Fetching dependencies without build.zig.zon?

The short answer is most likely no, a build.zig.zon manifest is required for build system dependencies.

The longer answer is, it depends on what is your definition of a dependency is in this context. If it’s a build system dependency that you expect to be able to resolve via b.dependency("foo", .{}) and subsequently obtain modules/artifacts from, then you definitely need a build.zig.zon.

The exception would be if it’s a “dumb tarball” of files and not a Zig package with a build.zig, in which case you could in theory create a small Zig program that takes an archive URL and an output directory as command-line args and fetches/extracts that archive to the specified output directory. You could then invoke that program with b.addRunArtifact in combination with std.Build.Step.Run.addOutputDirectoryArg to obtain LazyPath handles to the directory and/or its files. But all of this would almost certainly be both worse performing and more work for you than just using the package manager as intended.

Would you mind expanding upon why you feel an aversion toward having a build.zig.zon in the first place?

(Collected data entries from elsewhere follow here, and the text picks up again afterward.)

(* Let $k\ge1$ and let $\hat\theta_1,\dots,\hat\theta_k\in\mathbb R$ with $e^{i\hat\theta_1},\dots,e^{i\hat\theta_k}$ pairwise distinct. Let $\hat A=(\phi_k(e^{i\hat\theta_1}),\dots,\phi_k(e^{i\hat\theta_k}))\in\mathbb C^{(k+1)\times k}$, $V$ the column space of $\hat A$, $V^\perp$ its (one-dimensional) orthogonal complement in $\mathbb C^{k+1}$, $P_{V^\perp}$ the orthogonal projection onto $V^\perp$, and $v$ a unit vector in $V^\perp$. Then for every $\theta\in\mathbb R$, $$\min_{\hat a\in\mathbb C^k}\|\hat A\hat a-\phi_k(e^{i\theta})\|_2=\|P_{V^\perp}\phi_k(e^{i\theta})\|_2=|v^*\phi_k(e^{i\theta})|\ge\frac{1}{2^k}\prod_{j=1}^k|e^{i\theta}-e^{i\hat\theta_j}|.$$
   Context: $\phi_s(z)=(1,z,\dots,z^s)^T\in\mathbb C^{s+1}$; $v^*$ is the conjugate transpose of $v$. *)

theory Defs
  imports Complex_Main
begin

text \<open>Vectors of C^(n+1) are represented as functions nat => complex, with only the
  coordinates 0..n relevant (and vectors of C^(n+1) being zero outside {0..n}).\<close>

definition cvecs :: "nat \<Rightarrow> (nat \<Rightarrow> complex) set" where
  "cvecs m = {u. \<forall>i\<ge>m. u i = 0}"

definition phi :: "nat \<Rightarrow> complex \<Rightarrow> nat \<Rightarrow> complex" where
  "phi s z = (\<lambda>i. if i \<le> s then z ^ i else 0)"

definition cinner :: "nat \<Rightarrow> (nat \<Rightarrow> complex) \<Rightarrow> (nat \<Rightarrow> complex) \<Rightarrow> complex" where
  "cinner m u w = (\<Sum>i<m. cnj (u i) * w i)"

definition vnorm :: "nat \<Rightarrow> (nat \<Rightarrow> complex) \<Rightarrow> real" where
  "vnorm m u = sqrt (\<Sum>i<m. (cmod (u i))\<^sup>2)"

text \<open>The matrix Ahat = (phi_k(e^{i th_1}),...,phi_k(e^{i th_k})) applied to a in C^k
  (columns indexed 0..k-1).\<close>
definition Ahat_mult :: "nat \<Rightarrow> (nat \<Rightarrow> real) \<Rightarrow> (nat \<Rightarrow> complex) \<Rightarrow> nat \<Rightarrow> complex" where
  "Ahat_mult k th a = (\<lambda>i. \<Sum>j<k. phi k (exp (\<i> * complex_of_real (th j))) i * a j)"

definition colspace :: "nat \<Rightarrow> (nat \<Rightarrow> real) \<Rightarrow> (nat \<Rightarrow> complex) set" where
  "colspace k th = Ahat_mult k th ` cvecs k"

definition orth_compl :: "nat \<Rightarrow> (nat \<Rightarrow> complex) set \<Rightarrow> (nat \<Rightarrow> complex) set" where
  "orth_compl m W = {w \<in> cvecs m. \<forall>u\<in>W. cinner m u w = 0}"

definition orth_proj :: "nat \<Rightarrow> (nat \<Rightarrow> complex) set \<Rightarrow> (nat \<Rightarrow> complex) \<Rightarrow> nat \<Rightarrow> complex" where
  "orth_proj m W x = (THE p. p \<in> W \<and> (\<forall>w\<in>W. cinner m w (\<lambda>i. x i - p i) = 0))"

end

theory Submission
  imports Defs "HOL-Analysis.L2_Norm" "HOL-Computational_Algebra.Polynomial"
begin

Don’t run imperative code that accesses the file system or the network directly from your build.zig. In the future, the build system will be sandboxed, and your build function will be prohibited from accessing system resources, so this is not future proof, and even now it’s a poor idea since the code will not take advantage of the build system cache and might be inadvertently invoked by innocuous things like zig build --help or tooling like ZLS. If you need to e.g. fetch something from the Internet, you should use a run step as described above. The only thing your build function should do is declaratively construct a (serializable) graph of build steps to be processed by a build runner.